Врач отметил, что заболевания, присущие условно свободным ханского происхождения, к сожалению, зачастую охватывают и японское население. В частности, помимо капитана Масады, видевшего будущее, большую известность и скандальную популярность в определенных кругах получил лейтенант Фукуи, несший службу на одном из постов береговой охраны в Анивском заливе и в некий прекрасный день встретивший на побережье демона, покрытого створками раковин гребешка. Их радужные переливы произвели на Фукуи такое неизгладимое впечатление, что он в одночасье приобрел сильнейшее расстройство нервной системы, скоро проявившееся в тяжелой форме копролалии. Причем по роковому стечению обстоятельств страсть к выкрикиванию немотивированных ругательств была усугублена тем, что эти ругательства несчастный Фукуи адресовал всегда высшим должностным лицам, от господина префекта до членов правительства и лиц императорской фамилии.
Лейтенант пробовал бороться со своим недугом, заклеивая себе рот, однако кроме блудословия он, как на грех, страдал еще и хроническим насморком, а значит, дышать через нос не мог. Оставлять лейтенанта на службе не было никакой возможности, поскольку как боевая единица лейтенант больше не годился ни на что – он либо виртуозно сквернословил, либо задыхался от собственных соплей. В результате лейтенант был признан инвалидом службы и демобилизован…
Врача отозвали в вагон, и некоторое время я пыталась сама представить, что же дальше произошло с несчастным лейтенантом Фукуи. Артем спал, улыбаясь во сне, Ерш молчал в рундуке, за окном тек холмистый пейзаж, и, наверное, впервые я его немного понимала. Остров.

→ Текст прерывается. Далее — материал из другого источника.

definition step_approx ::
  "'a measure \<Rightarrow> ('a \<Rightarrow> real) \<Rightarrow> real \<Rightarrow> 'a set set \<Rightarrow> ('a set \<Rightarrow> real) \<Rightarrow> bool" where
  "step_approx M \<phi> d P c \<longleftrightarrow> finite P \<and> P \<subseteq> sets M \<and> disjoint P \<and> \<Union>P = space M \<and>
     (\<forall>E\<in>P. \<forall>x\<in>E. \<bar>\<phi> x - c E\<bar> \<le> d)"

definition vm_has_integral ::
  "'a measure \<Rightarrow> ('a set \<Rightarrow> 'v::real_normed_vector) \<Rightarrow> ('a \<Rightarrow> real) \<Rightarrow> 'v \<Rightarrow> bool" where
  "vm_has_integral M \<mu> \<phi> I \<longleftrightarrow>
     (\<forall>e>0. \<exists>d>0. \<forall>P c. step_approx M \<phi> d P c \<longrightarrow> norm ((\<Sum>E\<in>P. c E *\<^sub>R \<mu> E) - I) \<le> e)"

lemma vm_integral_eq_The: "vm_integral M \<mu> \<phi> = (THE I. vm_has_integral M \<mu> \<phi> I)"
  unfolding vm_integral_def vm_has_integral_def step_approx_def ..

lemma step_approx_mono: "step_approx M \<phi> d P c \<Longrightarrow> d \<le> d' \<Longrightarrow> step_approx M \<phi> d' P c"
  unfolding step_approx_def by (meson order_trans)

lemma step_approx_exists:
  assumes meas: "\<phi> \<in> borel_measurable M" and bdd: "bounded (\<phi> ` space M)" and "d > 0"
  obtains P c where "step_approx M \<phi> d P c"
proof
  define k where "k x = \<lfloor>\<phi> x / d\<rfloor>" for x
  define cell where "cell j = {x \<in> space M. k x = j}" for j
  define P where "P = cell ` k ` space M"
  define c where "c E = \<phi> (SOME x. x \<in> E)" for E
  obtain B where B: "\<And>x. x \<in> space M \<Longrightarrow> \<bar>\<phi> x\<bar> \<le> B"
    using bdd unfolding bounded_iff by auto
  have "k ` space M \<subseteq> {\<lfloor>- B / d\<rfloor>..\<lfloor>B / d\<rfloor>}"
  proof
    fix j assume "j \<in> k ` space M"
    then obtain x where "x \<in> space M" "j = k x" by blast
    hence "- B \<le> \<phi> x" "\<phi> x \<le> B" using B[of x] by linarith+
    hence "- B / d \<le> \<phi> x / d" "\<phi> x / d \<le> B / d"
      using \<open>d > 0\<close> by (intro divide_right_mono; simp)+
    thus "j \<in> {\<lfloor>- B / d\<rfloor>..\<lfloor>B / d\<rfloor>}" unfolding \<open>j = k x\<close> k_def by (simp add: floor_mono)
  qed
  hence "finite P" unfolding P_def by (meson finite_atLeastAtMost_int finite_imageI finite_subset)
  moreover have "P \<subseteq> sets M"
  proof -
    have "k \<in> M \<rightarrow>\<^sub>M count_space UNIV"
      unfolding k_def using meas
      by (intro measurable_compose[OF _ measurable_real_floor] borel_measurable_divide measurable_const) auto
    thus ?thesis unfolding P_def cell_def by (auto intro: measurable_sets_Collect[where P = "\<lambda>j. j = _"])
  qed
  moreover have "disjoint P" unfolding P_def cell_def disjoint_def by auto
  moreover have "\<Union>P = space M" unfolding P_def cell_def by auto
  moreover have "\<bar>\<phi> x - c E\<bar> \<le> d" if "E \<in> P" "x \<in> E" for E x
  proof -
    have "(SOME x. x \<in> E) \<in> E" using \<open>x \<in> E\<close> by (rule someI)
    then obtain z where "z \<in> E" "c E = \<phi> z" unfolding c_def by blast
    hence "\<lfloor>\<phi> x / d\<rfloor> = \<lfloor>\<phi> z / d\<rfloor>" using that unfolding P_def cell_def k_def by auto
    hence "\<bar>\<phi> x / d - \<phi> z / d\<bar> < 1" by linarith
    hence "\<bar>\<phi> x - \<phi> z\<bar> < d" using \<open>d > 0\<close> by (simp add: diff_divide_distrib[symmetric])
    thus ?thesis using \<open>c E = \<phi> z\<close> by simp
  qed
  ultimately show "step_approx M \<phi> d P c" unfolding step_approx_def by blast
qed

lemma vm_has_integral_unique:
  assumes meas: "\<phi> \<in> borel_measurable M" and bdd: "bounded (\<phi> ` space M)"
    and I: "vm_has_integral M \<mu> \<phi> I" and J: "vm_has_integral M \<mu> \<phi> J"
  shows "I = J"
proof (rule ccontr)
  assume "I \<noteq> J"
  define e where "e = norm (I - J) / 3"
  have "e > 0" unfolding e_def using \<open>I \<noteq> J\<close> by simp
  obtain d1 where "d1 > 0"
    and d1: "\<And>P c. step_approx M \<phi> d1 P c \<Longrightarrow> norm ((\<Sum>E\<in>P. c E *\<^sub>R \<mu> E) - I) \<le> e"
    using I \<open>e > 0\<close> unfolding vm_has_integral_def by blast
  obtain d2 where "d2 > 0"
    and d2: "\<And>P c. step_approx M \<phi> d2 P c \<Longrightarrow> norm ((\<Sum>E\<in>P. c E *\<^sub>R \<mu> E) - J) \<le> e"
    using J \<open>e > 0\<close> unfolding vm_has_integral_def by blast
  have "min d1 d2 > 0" using \<open>d1 > 0\<close> \<open>d2 > 0\<close> by simp
  then obtain P c where Pc: "step_approx M \<phi> (min d1 d2) P c"
    by (rule step_approx_exists[OF meas bdd])
  define S where "S = (\<Sum>E\<in>P. c E *\<^sub>R \<mu> E)"
  have "norm (S - I) \<le> e" "norm (S - J) \<le> e"
    unfolding S_def using d1 d2 step_approx_mono[OF Pc] by simp_all
  hence "norm (I - J) \<le> 2 * e" using norm_triangle_ineq4[of "S - J" "S - I"] by simp
  thus False using \<open>e > 0\<close> unfolding e_def by simp
qed

lemma vm_integral_eqI:
  assumes "\<phi> \<in> borel_measurable M" "bounded (\<phi> ` space M)" "vm_has_integral M \<mu> \<phi> I"
  shows "vm_integral M \<mu> \<phi> = I"
  unfolding vm_integral_eq_The using assms by (blast intro: vm_has_integral_unique)

lemma vm_has_integral_add:
  assumes I: "vm_has_integral M \<mu> \<phi> I" and J: "vm_has_integral M \<nu> \<phi> J"
  shows "vm_has_integral M (\<lambda>E. \<mu> E + \<nu> E) \<phi> (I + J)"
  unfolding vm_has_integral_def
proof (intro allI impI)
  fix e :: real assume "e > 0"
  hence "e / 2 > 0" by simp
  obtain d1 where "d1 > 0"
    and d1: "\<And>P c. step_approx M \<phi> d1 P c \<Longrightarrow> norm ((\<Sum>E\<in>P. c E *\<^sub>R \<mu> E) - I) \<le> e / 2"
    using I \<open>e / 2 > 0\<close> unfolding vm_has_integral_def by blast
  obtain d2 where "d2 > 0"
    and d2: "\<And>P c. step_approx M \<phi> d2 P c \<Longrightarrow> norm ((\<Sum>E\<in>P. c E *\<^sub>R \<nu> E) - J) \<le> e / 2"
    using J \<open>e / 2 > 0\<close> unfolding vm_has_integral_def by blast
  show "\<exists>d>0. \<forall>P c. step_approx M \<phi> d P c \<longrightarrow>
          norm ((\<Sum>E\<in>P. c E *\<^sub>R (\<mu> E + \<nu> E)) - (I + J)) \<le> e"
  proof (intro exI[of _ "min d1 d2"] conjI allI impI)
    fix P c assume Pc: "step_approx M \<phi> (min d1 d2) P c"
    have "(\<Sum>E\<in>P. c E *\<^sub>R (\<mu> E + \<nu> E)) - (I + J)
        = ((\<Sum>E\<in>P. c E *\<^sub>R \<mu> E) - I) + ((\<Sum>E\<in>P. c E *\<^sub>R \<nu> E) - J)"
      by (simp add: scaleR_add_right sum.distrib)
    also have "norm \<dots> \<le> e / 2 + e / 2"
      using d1 d2 step_approx_mono[OF Pc] by (intro norm_triangle_le add_mono) simp_all
    finally show "norm ((\<Sum>E\<in>P. c E *\<^sub>R (\<mu> E + \<nu> E)) - (I + J)) \<le> e" by simp
  qed (use \<open>d1 > 0\<close> \<open>d2 > 0\<close> in simp)
qed

lemma vm_has_integral_vm_dirac:
  assumes "y \<in> space M"
  shows "vm_has_integral M (vm_dirac y a) \<phi> (\<phi> y *\<^sub>R a)"
  unfolding vm_has_integral_def
proof (intro allI impI)
  fix e :: real assume "e > 0"
  define d where "d = e / (norm a + 1)"
  have "norm a + 1 > 0" using norm_ge_zero[of a] by linarith
  hence "d > 0" unfolding d_def using \<open>e > 0\<close> by simp
  show "\<exists>d>0. \<forall>P c. step_approx M \<phi> d P c \<longrightarrow>
          norm ((\<Sum>E\<in>P. c E *\<^sub>R vm_dirac y a E) - \<phi> y *\<^sub>R a) \<le> e"
  proof (intro exI[of _ d] conjI allI impI \<open>d > 0\<close>)
    fix P c assume "step_approx M \<phi> d P c"
    hence P: "finite P" "disjoint P" "\<Union>P = space M" and c: "\<forall>E\<in>P. \<forall>x\<in>E. \<bar>\<phi> x - c E\<bar> \<le> d"
      unfolding step_approx_def by auto
    obtain E where E: "E \<in> P" "y \<in> E" using P(3) assms by blast
    have "(\<Sum>E\<in>P. c E *\<^sub>R vm_dirac y a E) = c E *\<^sub>R a"
      using sum_disjoint_supported_at_point[OF P(1,2) _ E, of "\<lambda>E. c E *\<^sub>R vm_dirac y a E"]
      by (simp add: vm_dirac_def E(2))
    hence "norm ((\<Sum>E\<in>P. c E *\<^sub>R vm_dirac y a E) - \<phi> y *\<^sub>R a) = \<bar>\<phi> y - c E\<bar> * norm a"
      by (simp flip: scaleR_diff_left add: norm_minus_commute abs_minus_commute)
    also have "\<dots> \<le> d * (norm a + 1)"
      using c E \<open>d > 0\<close> by (intro mult_mono) auto
    also have "\<dots> = e" unfolding d_def using \<open>norm a + 1 > 0\<close> by simp
    finally show "norm ((\<Sum>E\<in>P. c E *\<^sub>R vm_dirac y a E) - \<phi> y *\<^sub>R a) \<le> e" .
  qed
qed

lemma Cc_bounded: "\<phi> \<in> Cc \<Longrightarrow> bounded (range \<phi>)"
proof -
  assume "\<phi> \<in> Cc"
  define K where "K = closure {x. \<phi> x \<noteq> 0}"
  have "compact K" "continuous_on K \<phi>"
    using \<open>\<phi> \<in> Cc\<close> unfolding Cc_def K_def by (auto intro: continuous_on_subset)
  hence "bounded (insert 0 (\<phi> ` K))" by (simp add: compact_continuous_image compact_imp_bounded)
  moreover have "range \<phi> \<subseteq> insert 0 (\<phi> ` K)"
    unfolding K_def using closure_subset by fastforce
  ultimately show ?thesis by (rule bounded_subset)
qed

lemma Cc_borel_measurable: "\<phi> \<in> Cc \<Longrightarrow> \<phi> \<in> borel_measurable borel"
  unfolding Cc_def by (auto intro: borel_measurable_continuous_onI)

lemma vm_integral_Cc_eqI:
  assumes "\<phi> \<in> Cc" "vm_has_integral borel \<mu> \<phi> I"
  shows "vm_integral borel \<mu> \<phi> = I"
proof (rule vm_integral_eqI)
  show "\<phi> \<in> borel_measurable borel" using assms(1) by (rule Cc_borel_measurable)
  show "bounded (\<phi> ` space borel)" using Cc_bounded[OF assms(1)] by simp
qed (fact assms(2))

lemma wide_conv_two_vm_dirac:
  fixes x :: "'a::t2_space"
  assumes "xs \<longlonglongrightarrow> x"
  shows "wide_conv borel (\<lambda>n E. vm_dirac (xs n) a E + vm_dirac x b E) (vm_dirac x (a + b))"
  unfolding wide_conv_def
proof
  fix \<phi> :: "'a \<Rightarrow> real" assume "\<phi> \<in> Cc"
  hence "isCont \<phi> x" unfolding Cc_def by (simp add: continuous_on_eq_continuous_at)
  hence "(\<lambda>n. \<phi> (xs n)) \<longlonglongrightarrow> \<phi> x" using assms by (rule isCont_tendsto_compose)
  hence "(\<lambda>n. \<phi> (xs n) *\<^sub>R a + \<phi> x *\<^sub>R b) \<longlonglongrightarrow> \<phi> x *\<^sub>R (a + b)"
    by (auto intro!: tendsto_eq_intros simp: scaleR_add_right)
  moreover have "vm_integral borel (\<lambda>E. vm_dirac (xs n) a E + vm_dirac x b E) \<phi>
      = \<phi> (xs n) *\<^sub>R a + \<phi> x *\<^sub>R b" for n
    using \<open>\<phi> \<in> Cc\<close> by (intro vm_integral_Cc_eqI vm_has_integral_add vm_has_integral_vm_dirac) simp_all
  moreover have "vm_integral borel (vm_dirac x (a + b)) \<phi> = \<phi> x *\<^sub>R (a + b)"
    using \<open>\<phi> \<in> Cc\<close> by (intro vm_integral_Cc_eqI vm_has_integral_vm_dirac) simp_all
  ultimately show "(\<lambda>n. vm_integral borel (\<lambda>E. vm_dirac (xs n) a E + vm_dirac x b E) \<phi>)
      \<longlonglongrightarrow> vm_integral borel (vm_dirac x (a + b)) \<phi>" by simp
qed

lemma total_variation_ge:
  assumes "finite F" "F \<subseteq> sets M" "\<forall>E\<in>F. E \<subseteq> A" "disjoint F"
  shows "ennreal (\<Sum>E\<in>F. p (\<mu> E)) \<le> total_variation M p \<mu> A"
  unfolding total_variation_def using assms by (intro SUP_upper) simp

Врач вернулся, на его халате прибавилось несколько свежих пятен, руки у него заметно тряслись, и, чтобы унять эту дрожь, врач принялся грызть ногти. Я испугалась, что сейчас он их выгрызет, но доктор взял себя в руки и продолжил рассказ про лейтенанта Фукуи; а я отметила, что рассказывает врач складно и красиво, то ли от картофельного самогона, употребленного им, то ли от того, что многие врачи склонны к долгим беседам.
Итак, стыдясь своего непристойного дефекта, лейтенант Фукуи отказался выезжать в Японию, где его непременно бы ждала незавидная участь психбольного, принудительное лечение и, скорее всего, верная лоботомия. Фукуи стал бродягой, долгое время скитался по южной части острова, питаясь чем придется, ночуя на земле, с каждым месяцем приходя во все большую негодность. В один из дней, мучимый голодом и отчаяньем, он ворвался в офицерскую столовую Корсакова, подбежал к котлу с лапшой и принялся ее вызывающе есть. К этому моменту лейтенант Фукуи выглядел обтрепанно и подержанно, повар хотел окатить его кипятком, но потом по каким-то чертам опознал в нем японца и избил на заднем дворе. Организм Фукуи, у которого начиналась цинга, перенес побои с трудом. Тогда он лишился большей части зубов и очень неудачно раскусил язык, так что кончик его раздвоился и стал напоминать змеиное жало.